Task item ::
Among the lines of the records below, copy those that hold the word "also".

Record set ::
------------------------------------------------------------

lemma bellman_loss_le:
  fixes r :: "real^'d::finite \<Rightarrow> 'a::finite \<Rightarrow> real" and h :: "'a \<Rightarrow> real^'d \<Rightarrow> real"
  assumes S: "S \<in> sets lborel" "emeasure lborel S \<noteq> 0" "emeasure lborel S \<noteq> \<infinity>"
    and r_cont: "\<forall>a. continuous_on S (\<lambda>s. r s a)"
    and h_meas: "\<And>a. h a \<in> borel_measurable borel"
    and net: "\<And>a x. resnet mw D L (\<Theta> a) x = c * Max (range (\<lambda>a'. h a' x)) + h a x"
    and gamma: "\<gamma> * (c + 1) = c"
    and step: "\<And>s a. s \<in> S \<Longrightarrow>
      \<bar>Max (range (\<lambda>a'. h a' s)) - Max (range (\<lambda>a'. h a' (g s a \<Delta>t)))\<bar> \<le> \<delta>"
    and err: "\<And>a. (\<integral>\<^sup>+s. ennreal ((r s a - h a s)\<^sup>2) \<partial>uniform_measure lborel S) \<le> ennreal (E a)"
    and E_nonneg: "\<And>a. 0 \<le> E a"
  shows "bellman_loss S r g \<gamma> \<Delta>t mw D L \<Theta>
    \<le> ennreal (1 / (2 * real CARD('a)) * (\<Sum>a\<in>UNIV. 2 * E a + 2 * c\<^sup>2 * \<delta>\<^sup>2))"
proof -
  have "(\<integral>\<^sup>+s. ennreal ((resnet mw D L (\<Theta> a) s - r s a
      - \<gamma> * Max (range (\<lambda>a'. resnet mw D L (\<Theta> a') (g s a \<Delta>t))))\<^sup>2) \<partial>uniform_measure lborel S)
    \<le> ennreal (2 * E a + 2 * c\<^sup>2 * \<delta>\<^sup>2)" for a
    by (rule nn_integral_bellman_residual_le[where r = r and h = h and g = g and \<Delta>t = \<Delta>t and a = a
        and E = "E a", OF S r_cont[rule_format] h_meas net gamma step err E_nonneg])
  then have "bellman_loss S r g \<gamma> \<Delta>t mw D L \<Theta>
      \<le> ennreal (1 / (2 * real CARD('a))) * (\<Sum>a\<in>UNIV. ennreal (2 * E a + 2 * c\<^sup>2 * \<delta>\<^sup>2))"
    unfolding bellman_loss_def by (intro mult_left_mono sum_mono) auto
  also have "\<dots> = ennreal (1 / (2 * real CARD('a))) * ennreal (\<Sum>a\<in>UNIV. 2 * E a + 2 * c\<^sup>2 * \<delta>\<^sup>2)"
    using E_nonneg by (subst sum_ennreal) auto
  also have "\<dots> = ennreal (1 / (2 * real CARD('a)) * (\<Sum>a\<in>UNIV. 2 * E a + 2 * c\<^sup>2 * \<delta>\<^sup>2))"
    using E_nonneg by (intro ennreal_mult[symmetric] sum_nonneg) auto
  finally show ?thesis .
qed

------------------------------------------------------------

Task solution ::
  also have "\<dots> = ennreal (1 / (2 * real CARD('a))) * ennreal (\<Sum>a\<in>UNIV. 2 * E a + 2 * c\<^sup>2 * \<delta>\<^sup>2)"
  also have "\<dots> = ennreal (1 / (2 * real CARD('a)) * (\<Sum>a\<in>UNIV. 2 * E a + 2 * c\<^sup>2 * \<delta>\<^sup>2))"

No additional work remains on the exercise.